WORK TASK:
Below this line is a set of entries; quote exactly the lines from the line that contains "(pochhammer (- of_nat" to the line that contains "assms by auto", both lines included.

=== Begin Enclosure ===

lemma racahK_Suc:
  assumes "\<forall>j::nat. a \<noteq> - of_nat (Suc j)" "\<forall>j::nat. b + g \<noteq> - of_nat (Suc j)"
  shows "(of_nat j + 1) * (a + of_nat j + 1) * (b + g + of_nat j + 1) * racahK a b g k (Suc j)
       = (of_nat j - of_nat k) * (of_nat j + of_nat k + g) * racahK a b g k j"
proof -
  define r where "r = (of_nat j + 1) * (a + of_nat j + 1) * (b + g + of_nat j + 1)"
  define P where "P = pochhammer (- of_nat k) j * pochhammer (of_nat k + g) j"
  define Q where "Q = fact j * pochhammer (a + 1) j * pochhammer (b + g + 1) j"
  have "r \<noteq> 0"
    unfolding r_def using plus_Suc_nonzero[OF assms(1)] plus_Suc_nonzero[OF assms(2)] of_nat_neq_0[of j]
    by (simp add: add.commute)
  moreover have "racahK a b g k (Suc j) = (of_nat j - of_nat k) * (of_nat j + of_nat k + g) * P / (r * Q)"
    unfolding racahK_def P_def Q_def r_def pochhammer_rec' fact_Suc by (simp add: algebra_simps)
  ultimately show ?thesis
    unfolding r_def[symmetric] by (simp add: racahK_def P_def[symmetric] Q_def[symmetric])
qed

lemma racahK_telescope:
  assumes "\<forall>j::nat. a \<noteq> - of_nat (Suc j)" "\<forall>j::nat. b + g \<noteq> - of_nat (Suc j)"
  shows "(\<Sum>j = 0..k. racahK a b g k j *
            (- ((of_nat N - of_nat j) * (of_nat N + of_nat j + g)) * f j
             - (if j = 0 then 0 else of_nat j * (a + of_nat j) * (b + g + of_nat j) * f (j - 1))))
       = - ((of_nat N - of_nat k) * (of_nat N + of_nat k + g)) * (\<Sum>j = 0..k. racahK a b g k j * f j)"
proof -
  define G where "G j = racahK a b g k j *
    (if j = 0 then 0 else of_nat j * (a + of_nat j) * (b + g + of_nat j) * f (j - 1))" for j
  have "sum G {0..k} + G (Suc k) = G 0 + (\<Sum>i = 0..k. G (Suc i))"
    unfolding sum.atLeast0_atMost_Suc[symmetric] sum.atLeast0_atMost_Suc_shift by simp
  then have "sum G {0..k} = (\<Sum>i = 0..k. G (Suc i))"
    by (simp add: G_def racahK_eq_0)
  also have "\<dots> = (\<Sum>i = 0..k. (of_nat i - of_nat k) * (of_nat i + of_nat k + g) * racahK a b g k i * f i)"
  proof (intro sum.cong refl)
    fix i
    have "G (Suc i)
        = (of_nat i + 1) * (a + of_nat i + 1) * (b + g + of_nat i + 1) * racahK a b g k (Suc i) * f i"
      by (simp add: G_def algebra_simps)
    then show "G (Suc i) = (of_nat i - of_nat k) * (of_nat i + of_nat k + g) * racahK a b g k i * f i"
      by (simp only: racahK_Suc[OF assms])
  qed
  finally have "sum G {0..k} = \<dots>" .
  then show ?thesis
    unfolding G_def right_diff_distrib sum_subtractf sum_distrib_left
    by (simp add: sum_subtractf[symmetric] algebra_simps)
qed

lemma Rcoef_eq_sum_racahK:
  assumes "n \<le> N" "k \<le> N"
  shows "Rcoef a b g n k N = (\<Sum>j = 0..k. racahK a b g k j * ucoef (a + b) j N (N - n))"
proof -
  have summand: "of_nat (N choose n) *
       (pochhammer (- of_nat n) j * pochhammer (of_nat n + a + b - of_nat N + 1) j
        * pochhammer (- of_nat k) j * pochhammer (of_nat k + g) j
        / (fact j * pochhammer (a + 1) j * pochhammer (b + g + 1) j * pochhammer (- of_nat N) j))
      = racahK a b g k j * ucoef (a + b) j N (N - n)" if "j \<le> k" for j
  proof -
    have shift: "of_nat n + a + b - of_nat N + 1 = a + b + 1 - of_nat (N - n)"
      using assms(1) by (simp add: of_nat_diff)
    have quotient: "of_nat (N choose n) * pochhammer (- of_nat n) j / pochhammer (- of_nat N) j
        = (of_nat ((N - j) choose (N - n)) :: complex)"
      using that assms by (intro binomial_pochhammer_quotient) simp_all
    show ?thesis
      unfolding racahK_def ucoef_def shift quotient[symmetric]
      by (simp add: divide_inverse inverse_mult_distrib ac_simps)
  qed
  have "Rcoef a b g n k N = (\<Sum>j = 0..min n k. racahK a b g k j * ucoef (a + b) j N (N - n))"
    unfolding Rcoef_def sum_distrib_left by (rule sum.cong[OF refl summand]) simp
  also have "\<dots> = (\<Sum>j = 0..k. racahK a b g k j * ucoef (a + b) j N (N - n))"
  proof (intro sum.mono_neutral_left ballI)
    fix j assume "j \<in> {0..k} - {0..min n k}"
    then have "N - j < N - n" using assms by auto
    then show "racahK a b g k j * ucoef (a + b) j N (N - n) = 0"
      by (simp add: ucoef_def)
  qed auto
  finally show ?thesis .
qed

=== End Enclosure ===
=== Begin Enclosure ===

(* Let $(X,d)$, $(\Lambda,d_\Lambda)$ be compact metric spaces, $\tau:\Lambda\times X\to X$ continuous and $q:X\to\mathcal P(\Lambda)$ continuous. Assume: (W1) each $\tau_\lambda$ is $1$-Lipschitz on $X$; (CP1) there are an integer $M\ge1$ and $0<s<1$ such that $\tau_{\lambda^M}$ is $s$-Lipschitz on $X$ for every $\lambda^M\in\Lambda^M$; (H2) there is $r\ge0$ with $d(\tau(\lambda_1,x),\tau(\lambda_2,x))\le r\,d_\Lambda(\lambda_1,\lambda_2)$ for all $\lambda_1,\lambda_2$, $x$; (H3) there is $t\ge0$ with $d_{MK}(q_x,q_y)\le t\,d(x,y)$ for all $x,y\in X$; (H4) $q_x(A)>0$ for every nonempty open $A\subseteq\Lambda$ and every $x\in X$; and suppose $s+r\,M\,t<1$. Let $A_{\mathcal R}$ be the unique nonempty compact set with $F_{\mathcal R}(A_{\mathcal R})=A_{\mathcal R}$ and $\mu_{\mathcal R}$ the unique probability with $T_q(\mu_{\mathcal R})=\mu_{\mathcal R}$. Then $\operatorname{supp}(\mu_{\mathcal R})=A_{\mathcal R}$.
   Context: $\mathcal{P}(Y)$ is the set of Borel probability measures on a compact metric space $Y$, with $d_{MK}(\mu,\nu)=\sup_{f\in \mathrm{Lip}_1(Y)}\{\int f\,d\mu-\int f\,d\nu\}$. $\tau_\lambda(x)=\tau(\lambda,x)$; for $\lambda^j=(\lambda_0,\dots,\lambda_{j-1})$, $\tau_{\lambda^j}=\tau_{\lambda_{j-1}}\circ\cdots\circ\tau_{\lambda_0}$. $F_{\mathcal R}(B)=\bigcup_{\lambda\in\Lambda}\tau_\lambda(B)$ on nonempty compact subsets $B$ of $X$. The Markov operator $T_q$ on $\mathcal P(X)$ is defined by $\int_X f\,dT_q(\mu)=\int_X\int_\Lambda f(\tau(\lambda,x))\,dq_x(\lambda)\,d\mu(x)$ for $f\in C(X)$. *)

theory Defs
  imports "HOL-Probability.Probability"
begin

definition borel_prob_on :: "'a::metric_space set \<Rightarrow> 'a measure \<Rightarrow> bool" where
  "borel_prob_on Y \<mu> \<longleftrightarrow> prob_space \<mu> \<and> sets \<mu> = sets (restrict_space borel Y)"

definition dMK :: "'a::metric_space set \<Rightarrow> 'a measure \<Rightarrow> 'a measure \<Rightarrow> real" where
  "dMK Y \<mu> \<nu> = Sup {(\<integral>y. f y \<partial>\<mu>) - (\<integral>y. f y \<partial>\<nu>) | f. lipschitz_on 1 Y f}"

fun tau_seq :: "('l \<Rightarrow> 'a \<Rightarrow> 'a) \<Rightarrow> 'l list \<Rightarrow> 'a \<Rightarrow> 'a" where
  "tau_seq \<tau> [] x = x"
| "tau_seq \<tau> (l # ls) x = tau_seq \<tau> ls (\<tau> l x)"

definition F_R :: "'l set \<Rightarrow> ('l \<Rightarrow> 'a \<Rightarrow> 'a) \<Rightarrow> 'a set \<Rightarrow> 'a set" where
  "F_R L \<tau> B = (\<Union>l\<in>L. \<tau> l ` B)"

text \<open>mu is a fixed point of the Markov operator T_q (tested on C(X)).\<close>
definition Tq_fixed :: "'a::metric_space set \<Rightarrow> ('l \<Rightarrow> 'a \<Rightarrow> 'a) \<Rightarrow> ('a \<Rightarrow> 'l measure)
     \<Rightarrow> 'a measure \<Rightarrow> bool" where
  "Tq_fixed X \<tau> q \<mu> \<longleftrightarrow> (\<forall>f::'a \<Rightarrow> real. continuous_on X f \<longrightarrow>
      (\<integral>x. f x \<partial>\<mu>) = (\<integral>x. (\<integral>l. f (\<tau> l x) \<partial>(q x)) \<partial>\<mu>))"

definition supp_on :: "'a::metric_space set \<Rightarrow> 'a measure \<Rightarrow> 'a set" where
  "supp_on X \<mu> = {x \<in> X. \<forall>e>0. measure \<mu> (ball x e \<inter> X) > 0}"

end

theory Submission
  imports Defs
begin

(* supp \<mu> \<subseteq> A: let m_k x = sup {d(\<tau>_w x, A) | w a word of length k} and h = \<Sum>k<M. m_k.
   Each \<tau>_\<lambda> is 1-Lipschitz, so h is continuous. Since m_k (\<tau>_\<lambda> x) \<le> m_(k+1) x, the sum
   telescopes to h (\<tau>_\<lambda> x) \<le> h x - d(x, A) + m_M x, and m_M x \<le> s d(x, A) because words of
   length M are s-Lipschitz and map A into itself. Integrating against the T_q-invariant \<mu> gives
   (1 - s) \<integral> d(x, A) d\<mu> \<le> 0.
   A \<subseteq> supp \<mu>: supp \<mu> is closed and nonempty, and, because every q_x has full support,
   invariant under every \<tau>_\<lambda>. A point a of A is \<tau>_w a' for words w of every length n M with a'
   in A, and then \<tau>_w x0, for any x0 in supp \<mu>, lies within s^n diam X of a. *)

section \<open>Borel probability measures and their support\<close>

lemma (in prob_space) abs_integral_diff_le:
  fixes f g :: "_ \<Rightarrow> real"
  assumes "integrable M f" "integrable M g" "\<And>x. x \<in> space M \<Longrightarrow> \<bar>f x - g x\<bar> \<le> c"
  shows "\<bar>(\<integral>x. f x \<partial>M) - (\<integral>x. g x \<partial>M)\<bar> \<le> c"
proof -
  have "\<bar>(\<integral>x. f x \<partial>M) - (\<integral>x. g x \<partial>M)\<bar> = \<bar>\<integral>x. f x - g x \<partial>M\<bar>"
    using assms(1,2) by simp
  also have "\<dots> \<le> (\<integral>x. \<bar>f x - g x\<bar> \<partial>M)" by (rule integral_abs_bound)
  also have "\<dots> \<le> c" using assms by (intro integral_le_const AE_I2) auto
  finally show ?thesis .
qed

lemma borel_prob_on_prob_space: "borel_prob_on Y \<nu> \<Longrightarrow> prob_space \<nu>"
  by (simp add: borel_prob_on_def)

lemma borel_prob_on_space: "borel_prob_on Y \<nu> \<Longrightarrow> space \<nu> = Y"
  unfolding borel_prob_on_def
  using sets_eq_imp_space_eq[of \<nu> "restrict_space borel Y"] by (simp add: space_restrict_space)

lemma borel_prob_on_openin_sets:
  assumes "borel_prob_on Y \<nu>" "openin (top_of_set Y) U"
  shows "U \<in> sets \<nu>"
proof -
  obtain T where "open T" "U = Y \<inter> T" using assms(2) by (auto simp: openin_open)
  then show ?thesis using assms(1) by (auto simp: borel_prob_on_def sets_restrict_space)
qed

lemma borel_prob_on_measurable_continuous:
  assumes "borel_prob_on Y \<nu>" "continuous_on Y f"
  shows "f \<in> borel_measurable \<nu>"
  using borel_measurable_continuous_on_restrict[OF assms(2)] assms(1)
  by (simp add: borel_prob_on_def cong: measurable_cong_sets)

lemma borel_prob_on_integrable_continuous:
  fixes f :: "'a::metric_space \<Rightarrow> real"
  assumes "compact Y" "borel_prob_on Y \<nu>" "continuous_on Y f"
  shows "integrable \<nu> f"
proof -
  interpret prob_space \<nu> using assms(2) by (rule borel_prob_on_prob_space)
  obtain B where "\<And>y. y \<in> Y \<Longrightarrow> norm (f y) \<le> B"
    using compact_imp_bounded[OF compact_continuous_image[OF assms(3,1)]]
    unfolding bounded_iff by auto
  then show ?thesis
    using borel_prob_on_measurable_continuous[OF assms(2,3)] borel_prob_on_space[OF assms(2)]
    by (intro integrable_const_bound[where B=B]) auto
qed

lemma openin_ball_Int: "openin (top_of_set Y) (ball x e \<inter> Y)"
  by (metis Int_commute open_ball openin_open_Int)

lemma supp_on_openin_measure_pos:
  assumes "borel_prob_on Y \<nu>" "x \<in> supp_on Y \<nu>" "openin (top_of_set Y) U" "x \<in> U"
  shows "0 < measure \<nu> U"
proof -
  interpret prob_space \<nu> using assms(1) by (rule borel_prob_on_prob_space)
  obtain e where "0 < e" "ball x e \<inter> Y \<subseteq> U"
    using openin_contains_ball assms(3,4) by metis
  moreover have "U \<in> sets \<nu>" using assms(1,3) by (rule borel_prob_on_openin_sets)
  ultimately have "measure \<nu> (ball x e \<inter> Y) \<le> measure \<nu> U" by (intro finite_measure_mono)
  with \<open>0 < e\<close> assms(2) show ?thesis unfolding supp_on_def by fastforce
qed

=== End Enclosure ===

EXPECTED ANSWER:
       (pochhammer (- of_nat n) j * pochhammer (of_nat n + a + b - of_nat N + 1) j
        * pochhammer (- of_nat k) j * pochhammer (of_nat k + g) j
        / (fact j * pochhammer (a + 1) j * pochhammer (b + g + 1) j * pochhammer (- of_nat N) j))
      = racahK a b g k j * ucoef (a + b) j N (N - n)" if "j \<le> k" for j
  proof -
    have shift: "of_nat n + a + b - of_nat N + 1 = a + b + 1 - of_nat (N - n)"
      using assms(1) by (simp add: of_nat_diff)
    have quotient: "of_nat (N choose n) * pochhammer (- of_nat n) j / pochhammer (- of_nat N) j
        = (of_nat ((N - j) choose (N - n)) :: complex)"
      using that assms by (intro binomial_pochhammer_quotient) simp_all
    show ?thesis
      unfolding racahK_def ucoef_def shift quotient[symmetric]
      by (simp add: divide_inverse inverse_mult_distrib ac_simps)
  qed
  have "Rcoef a b g n k N = (\<Sum>j = 0..min n k. racahK a b g k j * ucoef (a + b) j N (N - n))"
    unfolding Rcoef_def sum_distrib_left by (rule sum.cong[OF refl summand]) simp
  also have "\<dots> = (\<Sum>j = 0..k. racahK a b g k j * ucoef (a + b) j N (N - n))"
  proof (intro sum.mono_neutral_left ballI)
    fix j assume "j \<in> {0..k} - {0..min n k}"
    then have "N - j < N - n" using assms by auto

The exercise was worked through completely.